• [Directions for this task]
Only one portion of the data is to be written out: from the line bearing "a u = (THE c." through the line bearing "b u = (THE c.". Write it exactly as it appears.

• [Data for processing]
---*---

(* Let $\alpha>0$, $\beta>0$, $M\in\mathbb{R}$, and let $H:=\frac12\bigl(\frac{6\alpha}{\beta M^2}\bigr)^{1/3}$, $V:=MH$ (with the understanding that the canonical staircase $S_{H,V}$ is identically $0$ when $M=0$). Then the set of entire local minimizers of $\mathcal{G}(\alpha,\beta,Mx,\cdot,\cdot)$ coincides with the set $\mathrm{Obl}(H,V)$ of oblique translations of $S_{H,V}$ (in particular, when $M=0$ the only entire local minimizer is the zero function).
   Context: For a bounded interval $(a,b)$, $S((a,b))$ is the space of step functions with finitely many jumps (BV functions with zero diffuse derivative and finite jump set $S_u$), with $u(a),u(b)$ denoting the values near the endpoints; $S_{loc}(\mathbb{R})$ is the set of $u:\mathbb{R}\to\mathbb{R}$ whose restriction to every bounded interval lies in $S((a,b))$. $\mathcal{G}(\alpha,\beta,f,(a,b),u)=\alpha\,\#(S_u\cap(a,b))+\beta\int_a^b(u-f)^2dx$. A function $v\in S((a,b))$ is a local minimizer of $\mathcal{G}(\alpha,\beta,f,(a,b),\cdot)$ if $\mathcal{G}(\alpha,\beta,f,(a,b),v)\le\mathcal{G}(\alpha,\beta,f,(a,b),u)$ for all $u\in S((a,b))$ with $u(a)=v(a)$, $u(b)=v(b)$; $v\in S_{loc}(\mathbb{R})$ is an entire local minimizer if its restriction to every bounded interval is a local minimizer there. Here $f$ is $x\mapsto Mx$. Canonical staircase: $S(x)=2\lfloor(x+1)/2\rfloor$, $S_{H,V}(x)=V\,S(x/H)$; $\mathrm{Obl}(H,V)$ is the set of functions $x\mapsto S_{H,V}(x-H\tau_0)+V\tau_0$ with $\tau_0\in[-1,1]$. *)

theory Defs
  imports "HOL-Analysis.Analysis"
begin

text \<open>Functions are real-valued functions on the real line; as in BV theory they are
  only relevant up to Lebesgue-null sets. The jump set consists of the points near which
  u is not (a.e.) constant; for step functions these are exactly the jump points.\<close>

definition jump_set :: "(real \<Rightarrow> real) \<Rightarrow> real set" where
  "jump_set u = {x. \<not> (\<exists>\<epsilon>>0. \<exists>c. AE y in lebesgue. dist y x < \<epsilon> \<longrightarrow> u y = c)}"

definition step_on :: "real \<Rightarrow> real \<Rightarrow> (real \<Rightarrow> real) \<Rightarrow> bool" where
  "step_on a b u \<longleftrightarrow> finite (jump_set u \<inter> {a<..<b})"

definition trace_left :: "real \<Rightarrow> (real \<Rightarrow> real) \<Rightarrow> real" where
  "trace_left a u = (THE c. \<exists>\<epsilon>>0. AE y in lebesgue. y \<in> {a<..<a+\<epsilon>} \<longrightarrow> u y = c)"

definition trace_right :: "real \<Rightarrow> (real \<Rightarrow> real) \<Rightarrow> real" where
  "trace_right b u = (THE c. \<exists>\<epsilon>>0. AE y in lebesgue. y \<in> {b-\<epsilon><..<b} \<longrightarrow> u y = c)"

definition G :: "real \<Rightarrow> real \<Rightarrow> (real \<Rightarrow> real) \<Rightarrow> real \<Rightarrow> real \<Rightarrow> (real \<Rightarrow> real) \<Rightarrow> real" where
  "G \<alpha> \<beta> f a b u = \<alpha> * real (card (jump_set u \<inter> {a<..<b}))
      + \<beta> * integral {a..b} (\<lambda>x. (u x - f x)\<^sup>2)"

definition local_min :: "real \<Rightarrow> real \<Rightarrow> (real \<Rightarrow> real) \<Rightarrow> real \<Rightarrow> real \<Rightarrow> (real \<Rightarrow> real) \<Rightarrow> bool" where
  "local_min \<alpha> \<beta> f a b v \<longleftrightarrow> step_on a b v \<and>
     (\<forall>u. step_on a b u \<and> trace_left a u = trace_left a v \<and> trace_right b u = trace_right b v
          \<longrightarrow> G \<alpha> \<beta> f a b v \<le> G \<alpha> \<beta> f a b u)"

definition S_loc :: "(real \<Rightarrow> real) \<Rightarrow> bool" where
  "S_loc u \<longleftrightarrow> (\<forall>a b. a < b \<longrightarrow> step_on a b u)"

definition entire_local_min :: "real \<Rightarrow> real \<Rightarrow> (real \<Rightarrow> real) \<Rightarrow> (real \<Rightarrow> real) \<Rightarrow> bool" where
  "entire_local_min \<alpha> \<beta> f v \<longleftrightarrow> S_loc v \<and> (\<forall>a b. a < b \<longrightarrow> local_min \<alpha> \<beta> f a b v)"

text \<open>Canonical staircase. Note: for H = 0 (case M = 0) we get V = 0 and S_{H,V} = 0.\<close>
definition staircase :: "real \<Rightarrow> real" where
  "staircase x = 2 * of_int \<lfloor>(x + 1) / 2\<rfloor>"

definition staircase_HV :: "real \<Rightarrow> real \<Rightarrow> real \<Rightarrow> real" where
  "staircase_HV H V x = V * staircase (x / H)"

definition Obl :: "real \<Rightarrow> real \<Rightarrow> (real \<Rightarrow> real) set" where
  "Obl H V = {(\<lambda>x. staircase_HV H V (x - H * \<tau>\<^sub>0) + V * \<tau>\<^sub>0) | \<tau>\<^sub>0. \<tau>\<^sub>0 \<in> {-1..1}}"

end

theory Submission
  imports Defs
begin

text \<open>A calibration \<open>\<Psi>(x, c)\<close>, whose \<open>x\<close>-derivative is bounded by the fidelity density
  \<open>\<beta> (c - M x)\<^sup>2\<close> and whose oscillation in \<open>c\<close> is at most \<open>\<alpha>\<close>, bounds the energy of every step
  function on \<open>(a, b)\<close> from below by \<open>\<Psi>\<close> evaluated at the traces; the staircases with steps of
  length \<open>2 H\<close> centred on the line attain the bound, so they are entire local minimizers.
  Conversely, for an entire local minimizer, replacing a constant piece by the value of the line
  at its midpoint and shifting a jump are admissible competitors; they force every piece
  between two jumps to be centred on the line and every jump to lie where the line meets the mean
  of the adjacent values.  Hence the jumps are equally spaced and the minimizer is a staircase
  (zero if \<open>M = 0\<close>, since an unbounded constant piece costs too much).  Its period is \<open>2 H\<close>,
  because replacing \<open>N\<close> periods by \<open>N'\<close> periods of another length on a common interval shows
  that the period minimizes the cost per unit length \<open>(\<alpha> + \<beta> M\<^sup>2 l\<^sup>3 / 12) / l\<close>.\<close>

section \<open>Jump sets and traces\<close>

lemma AE_open_imp_ex:
  fixes S :: "real set"
  assumes "open S" "S \<noteq> {}" "AE x in lebesgue. x \<in> S \<longrightarrow> P x"
  shows "\<exists>x\<in>S. P x"
proof (rule ccontr)
  assume "\<not> ?thesis"
  with assms(3) have "AE x in lebesgue. x \<in> S \<longrightarrow> x \<in> {}"
    by (auto elim: AE_mp)
  with assms(1,2) show False
    using mem_closed_if_AE_lebesgue_open[of S "{}"] by auto
qed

---*---

• [Output for this task]
  "trace_left a u = (THE c. \<exists>\<epsilon>>0. AE y in lebesgue. y \<in> {a<..<a+\<epsilon>} \<longrightarrow> u y = c)"

definition trace_right :: "real \<Rightarrow> (real \<Rightarrow> real) \<Rightarrow> real" where
  "trace_right b u = (THE c. \<exists>\<epsilon>>0. AE y in lebesgue. y \<in> {b-\<epsilon><..<b} \<longrightarrow> u y = c)"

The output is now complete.